Many business owners turn to a business loan in order to fulfill their financial requirements and to successfully steer their businesses in the right direction. However, especially if you’ve never taken out a loan before, it can all seem pretty confusing. You just ask the bank employee about a business loan and next thing you know they’re asking you about unsecured business loans and secured business loans. What does it all mean? Well, we’re here to tell you exactly what it means, and by the time you finish reading this piece, you should know the differences between unsecured and secured business loans and which is better for you.
The main difference
The main difference between the two is how the lender handles compensation in case of defaulting. Defaulting means not being able to make your payments as scheduled, and thus not respecting the conditions of the loan. Depending on which type of loan you went for, the lender will take a different course of action.
Unsecured business loans
If you default on unsecured small business loans, you are looking at a rough time because the lender has the right to sue you. Not only do they have the right, but they probably will since it’s a business and they don’t want to just lose the money they’ve lent to you.

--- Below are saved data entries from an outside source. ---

(* $\mathcal C_q^{\infty,\infty,4,3}\neq\mathcal C_{qs}^{\infty,\infty,4,3}$.
   Context: A strategy: Hilbert spaces $\mathcal H_A,\mathcal H_B$ (possibly infinite-dimensional), a unit vector $|\psi\rangle\in\mathcal H_A\otimes\mathcal H_B$, and for each question a projective measurement $\{A^a_x\}_{a}$ on $\mathcal H_A$, $\{B^b_y\}_{b}$ on $\mathcal H_B$, producing $p(a,b|x,y)=\langle\psi|A^a_x\otimes B^b_y|\psi\rangle$. $\mathcal C_{qs}^{\infty,\infty,4,3}$ is the set of correlations with countably infinite question sets and answer sets of sizes 4 (Alice) and 3 (Bob) produced by some strategy; $\mathcal C_{q}^{\infty,\infty,4,3}$ is the subset produced by strategies whose state $|\psi\rangle$ has finite Schmidt rank. *)

theory Defs
  imports "HOL-Analysis.Analysis"
begin

text \<open>Concrete model: every Hilbert space relevant here is realised as l2 over a countable
index type (nat for each party, nat \<times> nat for the tensor product).\<close>

definition l2 :: "('i \<Rightarrow> complex) set" where
  "l2 = {f. (\<lambda>i. (cmod (f i))\<^sup>2) summable_on UNIV}"

definition sqnorm :: "('i \<Rightarrow> complex) \<Rightarrow> real" where
  "sqnorm f = infsum (\<lambda>i. (cmod (f i))\<^sup>2) UNIV"

definition ip :: "('i \<Rightarrow> complex) \<Rightarrow> ('i \<Rightarrow> complex) \<Rightarrow> complex" where
  "ip f g = infsum (\<lambda>i. cnj (f i) * g i) UNIV"
(* Let $W$ be a channel from finite $\mathcal X$ to finite $\mathcal Y$ and $W'$ a channel from finite $\mathcal X'$ to finite $\mathcal Y'$, and let $W\times W'$ be the product channel from $\mathcal X\times\mathcal X'$ to $\mathcal Y\times\mathcal Y'$, $(W\times W')_{x,x'}(y,y')=W_x(y)W'_{x'}(y')$. Then \[ V^+_{W\times W'}=V^+_W+V^+_{W'},\qquad V^-_{W\times W'}=V^-_W+V^-_{W'}. \]
   Context: For a channel $W$ (a family of distributions $W_x$ on the output set) and an input distribution $P$: $W_P=\sum_xP(x)W_x$, $D$ is relative entropy (natural log), $I(P,W)=\sum_xP(x)D(W_x\|W_P)$, $C_W=\max_PI(P,W)$, $V_{P,W}=\sum_xP(x)\sum_yW_x(y)\big(\log\frac{W_x(y)}{W_P(y)}-D(W_x\|W_P)\big)^2$, $\mathcal V_W=\{P:I(P,W)=C_W\}$, $V^+_W=\max_{P\in\mathcal V_W}V_{P,W}$, $V^-_W=\min_{P\in\mathcal V_W}V_{P,W}$. *)

theory Defs
  imports "HOL-Analysis.Analysis"
begin

definition is_distr :: "('a::finite \<Rightarrow> real) \<Rightarrow> bool" where
  "is_distr P \<longleftrightarrow> (\<forall>a. 0 \<le> P a) \<and> (\<Sum>a\<in>UNIV. P a) = 1"

definition is_channel :: "('x::finite \<Rightarrow> 'y::finite \<Rightarrow> real) \<Rightarrow> bool" where
  "is_channel W \<longleftrightarrow> (\<forall>x. is_distr (W x))"

definition out_distr :: "('x::finite \<Rightarrow> 'y::finite \<Rightarrow> real) \<Rightarrow> ('x \<Rightarrow> real) \<Rightarrow> 'y \<Rightarrow> real" where
  "out_distr W P y = (\<Sum>x\<in>UNIV. P x * W x y)"

text \<open>Relative entropy (natural log), with the convention 0 log(0/q) = 0.
  It is only used with P x > 0, where W_x is absolutely continuous w.r.t. W_P.\<close>
definition rel_ent :: "('y::finite \<Rightarrow> real) \<Rightarrow> ('y \<Rightarrow> real) \<Rightarrow> real" where
  "rel_ent p q = (\<Sum>y\<in>UNIV. if p y = 0 then 0 else p y * ln (p y / q y))"

definition mutual_info :: "('x::finite \<Rightarrow> real) \<Rightarrow> ('x \<Rightarrow> 'y::finite \<Rightarrow> real) \<Rightarrow> real" where
  "mutual_info P W = (\<Sum>x\<in>UNIV. if P x = 0 then 0 else P x * rel_ent (W x) (out_distr W P))"

definition dispersion :: "('x::finite \<Rightarrow> real) \<Rightarrow> ('x \<Rightarrow> 'y::finite \<Rightarrow> real) \<Rightarrow> real" where
  "dispersion P W = (\<Sum>x\<in>UNIV. if P x = 0 then 0 else P x *
      (\<Sum>y\<in>UNIV. if W x y = 0 then 0 else
         W x y * (ln (W x y / out_distr W P y) - rel_ent (W x) (out_distr W P))\<^sup>2))"

text \<open>Capacity C_W = max_P I(P,W) (the maximum exists; written as a supremum).\<close>
definition capacity :: "('x::finite \<Rightarrow> 'y::finite \<Rightarrow> real) \<Rightarrow> real" where
  "capacity W = (SUP P \<in> {P. is_distr P}. mutual_info P W)"

definition optimal_inputs :: "('x::finite \<Rightarrow> 'y::finite \<Rightarrow> real) \<Rightarrow> ('x \<Rightarrow> real) set" where
  "optimal_inputs W = {P. is_distr P \<and> mutual_info P W = capacity W}"

definition Vplus :: "('x::finite \<Rightarrow> 'y::finite \<Rightarrow> real) \<Rightarrow> real" where
  "Vplus W = (SUP P \<in> optimal_inputs W. dispersion P W)"

definition Vminus :: "('x::finite \<Rightarrow> 'y::finite \<Rightarrow> real) \<Rightarrow> real" where
  "Vminus W = (INF P \<in> optimal_inputs W. dispersion P W)"

definition prod_channel ::
  "('x::finite \<Rightarrow> 'y::finite \<Rightarrow> real) \<Rightarrow> ('x'::finite \<Rightarrow> 'y'::finite \<Rightarrow> real)
     \<Rightarrow> ('x \<times> 'x' \<Rightarrow> 'y \<times> 'y' \<Rightarrow> real)" where
  "prod_channel W W' = (\<lambda>(x, x') (y, y'). W x y * W' x' y')"

end

theory Submission
  imports Defs "HOL-Real_Asymp.Real_Asymp"
begin

(* Write H for Shannon entropy. Mutual information is I(P,W) = H(W_P) - sum_x P(x) H(W_x).
   For a joint input R of the product channel W x W' with marginals R_1, R_2 and output Q,
   the marginals of Q are the outputs of R_1 and R_2, and every row of W x W' is a product
   distribution, whose entropy is additive. Hence
       I(R, W x W') = I(R_1, W) + I(R_2, W') - (H(Q_1) + H(Q_2) - H(Q)),
   and subadditivity of entropy (Gibbs' inequality) shows that the capacity is additive and
   that R is capacity-achieving iff R_1, R_2 are and Q = Q_1 x Q_2. In that case the
   information density of W x W' is the sum of those of W and W' on the support of each row,
   so variances (and hence dispersions) add. Thus the set of dispersions of optimal inputs of
   W x W' is the Minkowski sum of those of W and W'; these sets are nonempty (the capacity is
   attained, by compactness) and bounded, so their suprema and infima add. *)

lemma distr_nonneg: "is_distr P \<Longrightarrow> 0 \<le> P a"
  by (simp add: is_distr_def)

lemma distr_sum: "is_distr P \<Longrightarrow> (\<Sum>a\<in>UNIV. P a) = 1"
  by (simp add: is_distr_def)

lemma distr_le_1:
  assumes "is_distr P" shows "P a \<le> 1"
proof -
  have "P a \<le> (\<Sum>a\<in>UNIV. P a)"
    by (rule member_le_sum) (auto simp: distr_nonneg[OF assms])
  thus ?thesis using distr_sum[OF assms] by simp
qed

lemma channel_distr: "is_channel W \<Longrightarrow> is_distr (W x)"
  by (simp add: is_channel_def)

lemma channel_nonneg: "is_channel W \<Longrightarrow> 0 \<le> W x y"
  by (simp add: is_channel_def is_distr_def)

lemma channel_sum: "is_channel W \<Longrightarrow> (\<Sum>y\<in>UNIV. W x y) = 1"
  by (simp add: is_channel_def is_distr_def)

text \<open>Every joint probability of an input and an output bounds the output probability;
  in particular the support of W_x lies in that of W_P whenever P x > 0.\<close>
lemma out_distr_ge:
  assumes "is_distr P" "is_channel W" shows "P x * W x y \<le> out_distr W P y"
  unfolding out_distr_def
  by (rule member_le_sum[where f="\<lambda>x. P x * W x y"])
     (auto intro!: mult_nonneg_nonneg distr_nonneg[OF assms(1)] channel_nonneg[OF assms(2)])

lemma out_distr_pos:
  assumes "is_distr P" "is_channel W" "P x \<noteq> 0" "W x y \<noteq> 0" shows "0 < out_distr W P y"
proof -
  have "0 < P x * W x y"
    using assms distr_nonneg[OF assms(1), of x] channel_nonneg[OF assms(2), of x y] by simp
  thus ?thesis using out_distr_ge[OF assms(1,2)] by (meson less_le_trans)
qed

lemma out_distr_distr:
  assumes "is_distr P" "is_channel W" shows "is_distr (out_distr W P)"
proof -
  have "(\<Sum>y\<in>UNIV. out_distr W P y) = (\<Sum>x\<in>UNIV. P x * (\<Sum>y\<in>UNIV. W x y))"
    unfolding out_distr_def by (subst sum.swap) (simp add: sum_distrib_left mult.assoc)
  also have "\<dots> = 1" using channel_sum[OF assms(2)] distr_sum[OF assms(1)] by simp
  finally show ?thesis unfolding is_distr_def out_distr_def
    using distr_nonneg[OF assms(1)] channel_nonneg[OF assms(2)] by (auto intro!: sum_nonneg)
qed

text \<open>The guards in the definitions only exclude terms that vanish anyway.\<close>
lemma rel_ent_eq: "rel_ent p q = (\<Sum>y\<in>UNIV. p y * ln (p y / q y))"
  unfolding rel_ent_def by (auto intro!: sum.cong)

lemma mutual_info_eq: "mutual_info P W = (\<Sum>x\<in>UNIV. P x * rel_ent (W x) (out_distr W P))"
  unfolding mutual_info_def by (auto intro!: sum.cong)

section \<open>Entropy and Gibbs' inequality\<close>

definition xlnx :: "real \<Rightarrow> real" where
  "xlnx t = t * ln t"

definition entropy :: "('a::finite \<Rightarrow> real) \<Rightarrow> real" where
  "entropy p = - (\<Sum>y\<in>UNIV. xlnx (p y))"

lemma xlnx_mult: "xlnx (a * b) = b * xlnx a + a * xlnx b"
  by (auto simp: xlnx_def ln_mult algebra_simps)

lemma isCont_xlnx: "isCont xlnx t"
proof (cases "t = 0")
  case False thus ?thesis unfolding xlnx_def by (intro continuous_intros) auto
next
  case True
  have right: "((\<lambda>t::real. t * ln t) \<longlongrightarrow> 0) (at_right 0)" by real_asymp
  have "((\<lambda>t::real. - (t * ln t)) \<longlongrightarrow> - 0) (at_right 0)" by (intro tendsto_minus right)
  hence left: "((\<lambda>t::real. t * ln t) \<longlongrightarrow> 0) (at_left 0)"
    unfolding filterlim_at_left_to_right by (simp add: ln_minus)
  have "((\<lambda>t::real. t * ln t) \<longlongrightarrow> 0) (at 0)" using left right by (simp add: filterlim_at_split)
  thus ?thesis using True unfolding isCont_def xlnx_def by simp
qed

lemma continuous_on_xlnx [continuous_intros]:
  "continuous_on A f \<Longrightarrow> continuous_on A (\<lambda>v. xlnx (f v))"
  by (rule continuous_on_compose2[of UNIV xlnx])
     (auto intro!: continuous_at_imp_continuous_on isCont_xlnx)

If you default on a secured business loan, you will lose your collateral. What is collateral, you ask? It’s whatever you want it to be, as long as it was expensive. Basically it’s one asset or multiple assets which will be offered as a guarantee. If your credit score is bad or you have a poor financial history, a bank for instance will mostly offer you a secured loan. That’s because they don’t trust you enough for the unsecured loan.
The interest rates
The interest rate is another form of guarantee for the lender that you will pay on time and that they can trust you with their money. On top of what you borrowed, you will pay an interest rate, which is an added percentage calculated differently based on what type of interest rate you are offered (fixed or changing).
With secured loans, your business puts up collateral as a guarantee so the lender will be OK with charging you a lower interest rate. With an unsecured loan however, there’s nothing to guarantee that you will come through, so the interest rates are usually higher here.
Which business loan is better?
It’s not a matter of which is better, but rather which is better for you. If you have bad credit but need the loan, the secured loan might be a good choice for you because the interest rates are lower. If you can make sure you can pay back on time, you aren’t running the risk of losing your collateral. However in other cases an unsecured loan might be the better pick since you don’t have that pressure of losing your house for example.